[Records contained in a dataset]
Content starts
definition nz_zero_divisors :: "('a, 'b) ring_scheme \<Rightarrow> 'a set" where
  "nz_zero_divisors R = {x \<in> carrier R. x \<noteq> \<zero>\<^bsub>R\<^esub> \<and>
      (\<exists>y \<in> carrier R. y \<noteq> \<zero>\<^bsub>R\<^esub> \<and> x \<otimes>\<^bsub>R\<^esub> y = \<zero>\<^bsub>R\<^esub>)}"

definition ann_class :: "('a, 'b) ring_scheme \<Rightarrow> 'a \<Rightarrow> 'a set" where
  "ann_class R x = {y \<in> carrier R. ann R y = ann R x}"

definition GammaE_vertices :: "('a, 'b) ring_scheme \<Rightarrow> 'a set set" where
  "GammaE_vertices R = ann_class R ` nz_zero_divisors R"

text \<open>Adjacency of Gamma_E(R): distinct vertices [x],[y] adjacent iff xy = 0
  (independent of representatives).\<close>
definition GammaE_adj :: "('a, 'b) ring_scheme \<Rightarrow> 'a set \<Rightarrow> 'a set \<Rightarrow> bool" where
  "GammaE_adj R A B \<longleftrightarrow> A \<in> GammaE_vertices R \<and> B \<in> GammaE_vertices R \<and> A \<noteq> B \<and>
      (\<exists>x \<in> nz_zero_divisors R. \<exists>y \<in> nz_zero_divisors R.
          A = ann_class R x \<and> B = ann_class R y \<and> x \<otimes>\<^bsub>R\<^esub> y = \<zero>\<^bsub>R\<^esub>)"

definition is_cycle_graph :: "'v set \<Rightarrow> ('v \<Rightarrow> 'v \<Rightarrow> bool) \<Rightarrow> bool" where
  "is_cycle_graph V E \<longleftrightarrow> (\<exists>n v. n \<ge> 3 \<and> bij_betw v {..<n} V \<and>
      (\<forall>i<n. \<forall>j<n. E (v i) (v j) \<longleftrightarrow> (j = Suc i mod n \<or> i = Suc j mod n)))"

end

theory Submission
  imports Defs
begin

text \<open>Suppose \<open>\<Gamma>\<^sub>E(R)\<close> were an n-cycle whose vertices are represented by r(0), ..., r(n-1).
  Every nonzero zero divisor z has the annihilator of some r(k), so the indices j with
  z r(j) = 0 are those of the neighbours of vertex k, plus possibly k itself; and two
  representatives annihilated by the same r(k) coincide. For n \<ge> 5, the element r(0) r(2)
  is killed by r(1), r(3) and r(n-1), but no vertex is adjacent or equal to all three.
  For n = 4 each diagonal contains a vertex of square zero, and for n = 3 two vertices have
  nonzero square; in both cases the sum of two such representatives is a zero divisor
  whose products with the r(j) fit no vertex.\<close>

definition cycle_adj :: "nat \<Rightarrow> nat \<Rightarrow> nat \<Rightarrow> bool" where
  "cycle_adj n i j \<longleftrightarrow> j = Suc i mod n \<or> i = Suc j mod n"

lemma cycle_adj_iff:
  assumes "i < n" "j < n"
  shows "cycle_adj n i j \<longleftrightarrow> j = Suc i \<or> i = Suc j \<or> (i = 0 \<and> j = n - 1) \<or> (j = 0 \<and> i = n - 1)"
  using assms unfolding cycle_adj_def
  by (cases "Suc i = n"; cases "Suc j = n") auto

lemma cycle_adj_3: "i < 3 \<Longrightarrow> j < 3 \<Longrightarrow> cycle_adj 3 i j \<longleftrightarrow> i \<noteq> j"
  by (auto simp: cycle_adj_iff)

lemma cycle_adj_4: "i < 4 \<Longrightarrow> j < 4 \<Longrightarrow> cycle_adj 4 i j \<longleftrightarrow> odd (i + j)"
  by (simp add: cycle_adj_iff) presburger

lemma no_vertex_adjacent_or_equal_to_1_3_last:
  assumes "n \<ge> 5" "k < n"
    and "k = 1 \<or> cycle_adj n k 1" "k = 3 \<or> cycle_adj n k 3" "k = n - 1 \<or> cycle_adj n k (n - 1)"
  shows False
  using assms by (simp add: cycle_adj_iff) linarith

lemma ann_class_eq_iff:
  assumes "x \<in> carrier R" "y \<in> carrier R"
  shows "ann_class R x = ann_class R y \<longleftrightarrow> ann R x = ann R y"
proof
  assume "ann_class R x = ann_class R y"
  moreover have "x \<in> ann_class R x" using assms unfolding ann_class_def by auto
  ultimately show "ann R x = ann R y" unfolding ann_class_def by auto
qed (auto simp: ann_class_def)

lemma ann_eq_imp_mult_zero_iff:
  assumes "ann R x = ann R y" "w \<in> carrier R"
  shows "x \<otimes>\<^bsub>R\<^esub> w = \<zero>\<^bsub>R\<^esub> \<longleftrightarrow> y \<otimes>\<^bsub>R\<^esub> w = \<zero>\<^bsub>R\<^esub>"
  using assms unfolding ann_def by blast

lemma nz_zero_divisors_carrier: "x \<in> nz_zero_divisors R \<Longrightarrow> x \<in> carrier R"
  unfolding nz_zero_divisors_def by auto

lemma nz_zero_divisors_nonzero: "x \<in> nz_zero_divisors R \<Longrightarrow> x \<noteq> \<zero>\<^bsub>R\<^esub>"
  unfolding nz_zero_divisors_def by auto

context cring
begin

lemma nz_zero_divisorsI:
  assumes "y \<in> carrier R" "y \<noteq> \<zero>" "a \<in> carrier R" "a \<noteq> \<zero>" "a \<otimes> y = \<zero>"
  shows "y \<in> nz_zero_divisors R"
  using assms m_comm[of y a] unfolding nz_zero_divisors_def by auto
Content ends
WHAT THE EXERCISE ASKS: Search the entries above for the word "have", and copy every line where it occurs.

EXERCISE OUTPUT:
  For n = 4 each diagonal contains a vertex of square zero, and for n = 3 two vertices have
  moreover have "x \<in> ann_class R x" using assms unfolding ann_class_def by auto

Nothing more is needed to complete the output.